Table 2 shows that the main technical framework lists gesture recognition technology and representative work. As for the representative work using the same framework, there is no comparison between them due to different data sets. Therefore, we list the representative work using the same framework in chronological order. At present, gesture evaluation is based on accuracy.
Gesture recognition analysis table
Unlike gestures, isolated words are sequences of time and space which are more structured gestures with precise meanings in sign language books. The traditional sign language recognition method has inadequate learning ability and insufficient adaptability. In contrast, the deep-learning sign language recognition method for isolated words has strong fault tolerance and adaptability. Therefore, this section will be described in detail based on the framework of convolutional neural networks (CNN) and Recurrent Neural Networks (RNN).

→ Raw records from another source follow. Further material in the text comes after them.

text \<open>
  Minimise S G' = (\<Sum>y. (f u - f y) G' y) over divisors equivalent to G that are nonnegative off u:
  firing a vertex x \<noteq> u with G' x \<ge> valence x keeps the constraints and lowers S by fire f x \<ge> 1.\<close>
lemma exists_equiv_bounded_off:
  assumes u: "u \<in> V" and G: "is_divisor V G"
  shows "\<exists>G'. lin_equiv V m G G' \<and> is_divisor V G' \<and> (\<forall>x\<in>V - {u}. 0 \<le> G' x \<and> G' x < valence V m x)"
proof -
  obtain f G1 where f: "\<forall>x. 0 \<le> f x \<and> f x \<le> f u" "\<forall>x\<in>V - {u}. 1 \<le> fire V m f x"
    and G1: "lin_equiv V m G G1" "is_divisor V G1" "\<forall>x\<in>V - {u}. 0 \<le> G1 x"
    using exists_equiv_nonneg_off[OF u G] by blast
  define Cands where "Cands = {G'. lin_equiv V m G G' \<and> is_divisor V G' \<and> (\<forall>x\<in>V - {u}. 0 \<le> G' x)}"
  define S where "S G' = (\<Sum>y\<in>V. (f u - f y) * G' y)" for G'
  have S_nonneg: "0 \<le> S G'" if "G' \<in> Cands" for G'
    unfolding S_def
  proof (intro sum_nonneg)
    fix y assume "y \<in> V"
    then show "0 \<le> (f u - f y) * G' y"
      using that f(1) unfolding Cands_def by (cases "y = u") auto
  qed
  obtain G' where G': "G' \<in> Cands" and min: "\<And>H. H \<in> Cands \<Longrightarrow> nat (S G') \<le> nat (S H)"
    using ex_has_least_nat[of "\<lambda>H. H \<in> Cands" G1 "\<lambda>H. nat (S H)"] G1 unfolding Cands_def by blast
  have "G' x < valence V m x" if x: "x \<in> V - {u}" for x
  proof (rule ccontr)
    assume big: "\<not> G' x < valence V m x"
    define G'' where "G'' y = G' y + fire V m (point x 1) y" for y
    have "lin_equiv V m G' G''" unfolding lin_equiv_def G''_def by blast
    moreover have "0 \<le> G'' y" if "y \<in> V - {u}" for y
      using G' big that x unfolding G''_def Cands_def by (auto simp: fire_point mult_self)
    ultimately have "G'' \<in> Cands"
      using G' lin_equiv_trans is_divisor_lin_equiv unfolding Cands_def by blast
    have "(\<Sum>y\<in>V. (f u - f y) * fire V m (point x 1) y) = (\<Sum>y\<in>V. point x 1 y * fire V m (\<lambda>y. f u - f y) y)"
      by (rule sum_mult_fire_sym)
    also have "\<dots> = fire V m (\<lambda>y. f u - f y) x"
      using x finite_V
      by (subst sum.cong[OF refl, of _ _ "\<lambda>y. if y = x then fire V m (\<lambda>y. f u - f y) y else 0"])
        (auto simp: point_def)
    also have "\<dots> = - fire V m f x"
      using x by (simp add: fire_eq sum_negf[symmetric] algebra_simps)
    finally have "S G'' = S G' - fire V m f x"
      unfolding S_def G''_def by (simp add: distrib_left sum.distrib)
    moreover have "1 \<le> fire V m f x" using f(2) x by blast
    ultimately have "nat (S G'') < nat (S G')" using S_nonneg[OF \<open>G'' \<in> Cands\<close>] by simp
    then show False using min[OF \<open>G'' \<in> Cands\<close>] by (meson not_le)
  qed
  then show ?thesis using G' unfolding Cands_def by blast
qed

lemma eqe_if_deg_ge:
  assumes G: "is_divisor V G" and deg: "total_valence \<le> deg V G"
  shows "eqe G"
proof -
  obtain u where u: "u \<in> V" using V_nonempty by blast
  obtain G' where equiv: "lin_equiv V m G G'" and G': "is_divisor V G'"
    and bounded: "\<forall>x\<in>V - {u}. 0 \<le> G' x \<and> G' x < valence V m x"
    using exists_equiv_bounded_off[OF u G] by blast
  have "deg V G = G' u + (\<Sum>x\<in>V - {u}. G' x)"
    using deg_lin_equiv[OF equiv] finite_V u unfolding deg_def by (simp add: sum.remove)
  moreover have "(\<Sum>x\<in>V - {u}. G' x) \<le> (\<Sum>x\<in>V - {u}. valence V m x)"
    using bounded by (intro sum_mono) (simp add: less_imp_le)
  moreover have "(\<Sum>x\<in>V - {u}. valence V m x) \<le> total_valence"
    unfolding total_valence_def using finite_V valence_nonneg by (intro sum_mono2) auto
  ultimately have "0 \<le> G' u" using deg by linarith
  then have "effective V G'" using G' bounded unfolding effective_def by blast
  then show ?thesis using equiv unfolding equiv_effective_def by blast
qed

lemma rank_ge_deg_minus_total_valence:
  assumes G: "is_divisor V G"
  shows "deg V G - total_valence \<le> rk G"
proof (cases "0 \<le> deg V G - total_valence")
  case True
  have "absorbs G (nat (deg V G - total_valence))"
    unfolding absorbs_def
  proof (intro allI impI)
    fix E assume E: "effective V E \<and> deg V E = int (nat (deg V G - total_valence))"
    then have "is_divisor V (\<lambda>x. G x - E x)"
      using G unfolding effective_def is_divisor_def by simp
    moreover have "total_valence \<le> deg V (\<lambda>x. G x - E x)" using E True by (simp add: deg_diff)
    ultimately show "eqe (\<lambda>x. G x - E x)" by (rule eqe_if_deg_ge)
  qed
  then show ?thesis using le_rank_iff True by simp
qed (use rank_ge_minus1[of G] in simp)


definition down_degree :: "('a \<Rightarrow> nat) \<Rightarrow> 'a \<Rightarrow> nat" where
  "down_degree h x = (\<Sum>y\<in>V. if h y < h x then m x y else 0)"

lemma sum_down_degree:
  shows "2 * (\<Sum>x\<in>V. down_degree h x) \<le> (\<Sum>x\<in>V. \<Sum>y\<in>V. m x y)"
    and "inj_on h V \<Longrightarrow> 2 * (\<Sum>x\<in>V. down_degree h x) = (\<Sum>x\<in>V. \<Sum>y\<in>V. m x y)"
proof -
  have up: "(\<Sum>x\<in>V. \<Sum>y\<in>V. if h x < h y then m x y else 0) = (\<Sum>x\<in>V. down_degree h x)"
    unfolding down_degree_def
    by (subst sum.swap) (rule sum.cong[OF refl], rule sum.cong[OF refl], simp add: mult_sym)
  have split: "(\<Sum>x\<in>V. \<Sum>y\<in>V. m x y) = (\<Sum>x\<in>V. down_degree h x)
     + (\<Sum>x\<in>V. \<Sum>y\<in>V. if h x < h y then m x y else 0) + (\<Sum>x\<in>V. \<Sum>y\<in>V. if h x = h y then m x y else 0)"
    unfolding down_degree_def by (simp add: sum.distrib[symmetric]) (intro sum.cong refl, auto)
  show "2 * (\<Sum>x\<in>V. down_degree h x) \<le> (\<Sum>x\<in>V. \<Sum>y\<in>V. m x y)"
    using split up by simp
  assume "inj_on h V"
  then have "(\<Sum>x\<in>V. \<Sum>y\<in>V. if h x = h y then m x y else 0) = 0"
    by (intro sum.neutral ballI) (auto simp: inj_on_def mult_self)
  then show "2 * (\<Sum>x\<in>V. down_degree h x) = (\<Sum>x\<in>V. \<Sum>y\<in>V. m x y)"
    using split up by simp
qed

abbreviation g :: int where "g \<equiv> genus V m"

The specific classification is shown in Fig. 2.

Isolated word recognition classification.
CNN is a locally activated feedforward neural network, which has three basic characteristics: perceptual field, weight sharing, and downsampling. And it has been widely used in speech recognition, license plate recognition, face recognition, and other fields. Its high-efficiency recognition accuracy and speed can also promote sign language recognition for isolated words. Research [37] and [38] both use CNN to obtain image features: the former uses multi-scale but all levels of image features, while the latter focuses more on hand changes. Besides hand features, information such as motion features and facial features can play a more important role in isolated word recognition. Kopuklu et al. [39] proposed a data-level fusion strategy for fusing motion information into static images at the CVPR2018 conference and sent the fused spatiotemporal features to the CNN network for subsequent classification and achieved good recognition results.
CNN has achieved great results in isolated sign language recognition, but it focuses only on each frame’s features without considering the inter-frame motion information. Scholars have introduced the 3D-CNN network to solve this problem, capturing the video’s temporal and spatial feature information. The breakthroughs of sign language recognition based on 3D-CNN are different fusion models and spatiotemporal attention mechanisms. Huang et al. [40] proposed a novel 3D-CNN model for isolated word recognition. To boost performance, multi-channel video streams, including color information, depth clue, and the body’s joint positions, are used as input to the 3D-CNN to integrate color, depth, and trajectory information. In a similar work, Liang et al. [41] proposed a 3D-CNN network based on multi-modal data input and convolution fusion for various data, which verified its effectiveness on large-scale data sets. However, its generalization is not high on sign language data sets composed mostly of RGB data. In another work, Wu et al. [42] proposed a 3D-CNN based on multi-channel data fusion for isolated word recognition. By incorporating RGB and depth information stacking into the 3D-CNN, Wu introduced the HMM model for short-time series modeling, verifying this method’s effectiveness on the ChaLearn data set. Adding the spatiotemporal attention mechanism into 3D-CNN can capture the most critical sign language movements in the sign language video and obtain superior recognition accuracy.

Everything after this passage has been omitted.